**The task:** Lines in which "moreover" appears should be pulled from the data below.

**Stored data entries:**
definition singletons :: "'a multiset \<Rightarrow> 'a multiset multiset" where
  "singletons X = image_mset (\<lambda>x. {#x#}) X"

lemma singletons_in_mset_partitions: "singletons X \<in> mset_partitions X"
  by (simp add: singletons_def mem_mset_partitions)

lemma size_mset_partition_le:
  "\<sigma> \<in> mset_partitions X \<Longrightarrow> size \<sigma> \<le> size X"
  using size_le_size_sum_mset by (auto simp: mem_mset_partitions)

lemma size_mset_partition_eq_imp_singletons:
  assumes "\<sigma> \<in> mset_partitions X" "size \<sigma> = size X"
  shows "\<sigma> = singletons X"
proof -
  have "(\<forall>A\<in>#\<sigma>. A \<noteq> {#}) \<Longrightarrow> size \<sigma> = size (sum_mset \<sigma>) \<Longrightarrow> \<sigma> = singletons (sum_mset \<sigma>)"
  proof (induction \<sigma>)
    case (add A \<sigma>)
    have "size \<sigma> \<le> size (sum_mset \<sigma>)" "0 < size A"
      using add.prems size_le_size_sum_mset by (auto simp: nonempty_has_size)
    moreover have "Suc (size \<sigma>) = size A + size (sum_mset \<sigma>)"
      using add.prems(2) by (simp del: size_mset_sum_mset_conv)
    ultimately have "size A = 1" "size \<sigma> = size (sum_mset \<sigma>)"
      by linarith+
    moreover obtain a where "A = {#a#}"
      using size_1_singleton_mset[OF \<open>size A = 1\<close>] ..
    ultimately show ?case using add by (simp add: singletons_def)
  qed (simp add: singletons_def)
  thus ?thesis using assms by (auto simp: mem_mset_partitions simp del: size_mset_sum_mset_conv)
qed

lemma sum_mset_singletons [simp]: "sum_mset (singletons X) = X"
  by (simp add: singletons_def)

**Response:**
    moreover have "Suc (size \<sigma>) = size A + size (sum_mset \<sigma>)"
    moreover obtain a where "A = {#a#}"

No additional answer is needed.